From the records below, print exactly the lines starting at the one containing "span_pad(2)[OF T(1), of 1] by simp" and ending at the one containing "j) = (0\<^sub>v", ends included, and nothing else.
=== Section Start ===
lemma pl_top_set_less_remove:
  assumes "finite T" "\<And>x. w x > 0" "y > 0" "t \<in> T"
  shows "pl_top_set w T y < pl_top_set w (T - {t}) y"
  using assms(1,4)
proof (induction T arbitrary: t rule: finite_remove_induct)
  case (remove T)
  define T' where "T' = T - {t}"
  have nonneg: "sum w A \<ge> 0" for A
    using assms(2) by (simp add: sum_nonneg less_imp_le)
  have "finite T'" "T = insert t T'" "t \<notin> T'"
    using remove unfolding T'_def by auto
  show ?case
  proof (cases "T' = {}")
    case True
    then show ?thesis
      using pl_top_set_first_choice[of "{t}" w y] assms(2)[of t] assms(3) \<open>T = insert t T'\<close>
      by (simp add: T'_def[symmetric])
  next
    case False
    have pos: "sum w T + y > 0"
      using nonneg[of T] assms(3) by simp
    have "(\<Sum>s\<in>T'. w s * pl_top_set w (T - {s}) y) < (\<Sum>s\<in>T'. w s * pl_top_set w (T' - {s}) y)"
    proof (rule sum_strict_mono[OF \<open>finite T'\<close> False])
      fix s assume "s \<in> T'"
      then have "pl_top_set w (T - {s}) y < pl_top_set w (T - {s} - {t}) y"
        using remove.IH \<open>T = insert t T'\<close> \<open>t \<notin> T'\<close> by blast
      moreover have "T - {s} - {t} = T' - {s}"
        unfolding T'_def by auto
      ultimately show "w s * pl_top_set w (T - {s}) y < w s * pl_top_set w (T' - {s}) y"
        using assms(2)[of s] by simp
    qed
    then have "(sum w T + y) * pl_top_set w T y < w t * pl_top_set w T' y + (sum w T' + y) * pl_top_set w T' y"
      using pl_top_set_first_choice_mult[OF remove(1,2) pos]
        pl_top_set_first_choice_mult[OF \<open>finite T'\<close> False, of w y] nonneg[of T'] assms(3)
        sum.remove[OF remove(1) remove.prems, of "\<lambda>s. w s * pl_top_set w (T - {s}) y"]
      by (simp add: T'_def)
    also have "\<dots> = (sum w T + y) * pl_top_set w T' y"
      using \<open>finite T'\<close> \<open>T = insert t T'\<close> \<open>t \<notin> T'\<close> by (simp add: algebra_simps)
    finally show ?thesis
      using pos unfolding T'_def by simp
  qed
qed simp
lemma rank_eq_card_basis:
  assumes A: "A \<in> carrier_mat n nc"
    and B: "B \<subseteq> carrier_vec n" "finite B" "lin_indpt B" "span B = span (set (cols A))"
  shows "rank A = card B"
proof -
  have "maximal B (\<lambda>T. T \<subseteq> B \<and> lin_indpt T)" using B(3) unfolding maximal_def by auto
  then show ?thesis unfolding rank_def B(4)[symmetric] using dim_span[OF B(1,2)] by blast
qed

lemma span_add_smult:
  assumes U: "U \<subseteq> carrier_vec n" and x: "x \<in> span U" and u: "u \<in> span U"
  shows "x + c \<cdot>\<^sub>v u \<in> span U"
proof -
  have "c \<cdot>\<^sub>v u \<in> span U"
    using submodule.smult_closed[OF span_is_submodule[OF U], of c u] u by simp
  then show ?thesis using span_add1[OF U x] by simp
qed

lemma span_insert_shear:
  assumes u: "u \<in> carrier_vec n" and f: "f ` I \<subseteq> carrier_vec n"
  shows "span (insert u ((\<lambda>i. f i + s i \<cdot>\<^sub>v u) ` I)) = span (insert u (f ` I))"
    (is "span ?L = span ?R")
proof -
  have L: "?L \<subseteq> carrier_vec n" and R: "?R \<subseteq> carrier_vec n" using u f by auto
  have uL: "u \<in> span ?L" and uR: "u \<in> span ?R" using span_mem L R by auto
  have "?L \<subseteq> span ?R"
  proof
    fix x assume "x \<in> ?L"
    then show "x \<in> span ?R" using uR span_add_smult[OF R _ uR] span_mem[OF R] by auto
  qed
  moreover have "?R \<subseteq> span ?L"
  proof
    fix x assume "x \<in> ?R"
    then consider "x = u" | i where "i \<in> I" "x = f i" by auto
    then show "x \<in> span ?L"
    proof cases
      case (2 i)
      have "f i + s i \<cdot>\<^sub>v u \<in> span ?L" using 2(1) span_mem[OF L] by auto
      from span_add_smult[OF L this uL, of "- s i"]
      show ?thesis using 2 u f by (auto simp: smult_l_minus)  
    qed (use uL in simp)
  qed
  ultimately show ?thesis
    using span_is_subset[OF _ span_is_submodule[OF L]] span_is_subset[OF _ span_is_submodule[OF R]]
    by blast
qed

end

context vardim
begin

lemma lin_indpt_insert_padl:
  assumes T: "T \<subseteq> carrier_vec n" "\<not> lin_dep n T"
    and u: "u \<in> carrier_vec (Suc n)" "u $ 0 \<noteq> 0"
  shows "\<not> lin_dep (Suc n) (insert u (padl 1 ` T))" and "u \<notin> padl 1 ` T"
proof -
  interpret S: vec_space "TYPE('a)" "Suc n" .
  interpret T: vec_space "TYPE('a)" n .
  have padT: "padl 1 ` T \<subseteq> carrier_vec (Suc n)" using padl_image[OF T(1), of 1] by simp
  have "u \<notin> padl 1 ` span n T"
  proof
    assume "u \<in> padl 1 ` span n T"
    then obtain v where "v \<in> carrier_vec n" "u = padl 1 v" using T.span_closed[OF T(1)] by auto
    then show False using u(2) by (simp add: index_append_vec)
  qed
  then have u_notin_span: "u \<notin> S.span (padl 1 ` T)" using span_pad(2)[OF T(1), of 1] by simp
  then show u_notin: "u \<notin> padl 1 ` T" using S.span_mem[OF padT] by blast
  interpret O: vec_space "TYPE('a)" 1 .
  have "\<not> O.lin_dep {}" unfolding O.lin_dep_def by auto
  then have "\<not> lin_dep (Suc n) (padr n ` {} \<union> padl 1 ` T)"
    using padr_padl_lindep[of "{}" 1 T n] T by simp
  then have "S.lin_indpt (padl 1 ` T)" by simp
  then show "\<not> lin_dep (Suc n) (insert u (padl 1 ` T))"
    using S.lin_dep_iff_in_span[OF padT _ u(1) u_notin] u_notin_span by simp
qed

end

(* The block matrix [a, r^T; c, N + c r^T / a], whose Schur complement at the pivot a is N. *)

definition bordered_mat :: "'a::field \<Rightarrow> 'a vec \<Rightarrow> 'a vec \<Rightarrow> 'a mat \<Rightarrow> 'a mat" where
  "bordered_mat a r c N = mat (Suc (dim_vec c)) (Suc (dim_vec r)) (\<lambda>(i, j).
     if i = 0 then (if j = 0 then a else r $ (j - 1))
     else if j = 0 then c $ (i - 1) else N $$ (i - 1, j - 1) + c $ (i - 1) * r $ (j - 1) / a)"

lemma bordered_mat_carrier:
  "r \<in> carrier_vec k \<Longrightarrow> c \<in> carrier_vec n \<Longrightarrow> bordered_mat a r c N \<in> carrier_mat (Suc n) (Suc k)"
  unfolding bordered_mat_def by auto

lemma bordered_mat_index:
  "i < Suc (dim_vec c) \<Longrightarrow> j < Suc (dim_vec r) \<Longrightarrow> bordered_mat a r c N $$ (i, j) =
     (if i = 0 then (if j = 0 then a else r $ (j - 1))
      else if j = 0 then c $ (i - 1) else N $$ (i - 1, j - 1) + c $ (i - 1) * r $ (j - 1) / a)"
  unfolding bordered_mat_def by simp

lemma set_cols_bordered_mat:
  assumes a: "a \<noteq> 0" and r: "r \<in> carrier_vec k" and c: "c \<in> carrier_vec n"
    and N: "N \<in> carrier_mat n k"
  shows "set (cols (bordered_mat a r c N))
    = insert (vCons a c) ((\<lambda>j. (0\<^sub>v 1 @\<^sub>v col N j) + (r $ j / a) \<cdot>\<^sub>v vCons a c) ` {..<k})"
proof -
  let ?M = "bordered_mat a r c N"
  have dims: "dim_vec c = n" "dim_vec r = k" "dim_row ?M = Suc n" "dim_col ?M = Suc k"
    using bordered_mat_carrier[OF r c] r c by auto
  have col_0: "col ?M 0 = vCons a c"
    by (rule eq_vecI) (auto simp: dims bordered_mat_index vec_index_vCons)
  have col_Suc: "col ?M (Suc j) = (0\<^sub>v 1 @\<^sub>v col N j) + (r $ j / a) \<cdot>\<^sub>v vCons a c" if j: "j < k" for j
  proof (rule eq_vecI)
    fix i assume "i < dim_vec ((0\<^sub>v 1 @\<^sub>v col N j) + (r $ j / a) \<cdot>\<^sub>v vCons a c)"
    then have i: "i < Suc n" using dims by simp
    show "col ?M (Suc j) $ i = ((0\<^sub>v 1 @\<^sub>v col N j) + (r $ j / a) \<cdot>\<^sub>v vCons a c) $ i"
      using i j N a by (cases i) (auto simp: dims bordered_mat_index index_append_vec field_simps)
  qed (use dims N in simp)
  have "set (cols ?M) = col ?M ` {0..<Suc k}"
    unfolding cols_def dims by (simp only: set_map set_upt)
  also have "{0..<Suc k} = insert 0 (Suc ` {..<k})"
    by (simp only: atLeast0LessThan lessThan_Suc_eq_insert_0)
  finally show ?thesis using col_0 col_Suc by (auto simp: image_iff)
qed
=== Section End ===
▶ **EXPECTED OUTPUT**
  then have u_notin_span: "u \<notin> S.span (padl 1 ` T)" using span_pad(2)[OF T(1), of 1] by simp
  then show u_notin: "u \<notin> padl 1 ` T" using S.span_mem[OF padT] by blast
  interpret O: vec_space "TYPE('a)" 1 .
  have "\<not> O.lin_dep {}" unfolding O.lin_dep_def by auto
  then have "\<not> lin_dep (Suc n) (padr n ` {} \<union> padl 1 ` T)"
    using padr_padl_lindep[of "{}" 1 T n] T by simp
  then have "S.lin_indpt (padl 1 ` T)" by simp
  then show "\<not> lin_dep (Suc n) (insert u (padl 1 ` T))"
    using S.lin_dep_iff_in_span[OF padT _ u(1) u_notin] u_notin_span by simp
qed

end

(* The block matrix [a, r^T; c, N + c r^T / a], whose Schur complement at the pivot a is N. *)

definition bordered_mat :: "'a::field \<Rightarrow> 'a vec \<Rightarrow> 'a vec \<Rightarrow> 'a mat \<Rightarrow> 'a mat" where
  "bordered_mat a r c N = mat (Suc (dim_vec c)) (Suc (dim_vec r)) (\<lambda>(i, j).
     if i = 0 then (if j = 0 then a else r $ (j - 1))
     else if j = 0 then c $ (i - 1) else N $$ (i - 1, j - 1) + c $ (i - 1) * r $ (j - 1) / a)"

lemma bordered_mat_carrier:
  "r \<in> carrier_vec k \<Longrightarrow> c \<in> carrier_vec n \<Longrightarrow> bordered_mat a r c N \<in> carrier_mat (Suc n) (Suc k)"
  unfolding bordered_mat_def by auto

lemma bordered_mat_index:
  "i < Suc (dim_vec c) \<Longrightarrow> j < Suc (dim_vec r) \<Longrightarrow> bordered_mat a r c N $$ (i, j) =
     (if i = 0 then (if j = 0 then a else r $ (j - 1))
      else if j = 0 then c $ (i - 1) else N $$ (i - 1, j - 1) + c $ (i - 1) * r $ (j - 1) / a)"
  unfolding bordered_mat_def by simp

lemma set_cols_bordered_mat:
  assumes a: "a \<noteq> 0" and r: "r \<in> carrier_vec k" and c: "c \<in> carrier_vec n"
    and N: "N \<in> carrier_mat n k"
  shows "set (cols (bordered_mat a r c N))
    = insert (vCons a c) ((\<lambda>j. (0\<^sub>v 1 @\<^sub>v col N j) + (r $ j / a) \<cdot>\<^sub>v vCons a c) ` {..<k})"
proof -
  let ?M = "bordered_mat a r c N"
  have dims: "dim_vec c = n" "dim_vec r = k" "dim_row ?M = Suc n" "dim_col ?M = Suc k"
    using bordered_mat_carrier[OF r c] r c by auto
  have col_0: "col ?M 0 = vCons a c"
    by (rule eq_vecI) (auto simp: dims bordered_mat_index vec_index_vCons)
  have col_Suc: "col ?M (Suc j) = (0\<^sub>v 1 @\<^sub>v col N j) + (r $ j / a) \<cdot>\<^sub>v vCons a c" if j: "j < k" for j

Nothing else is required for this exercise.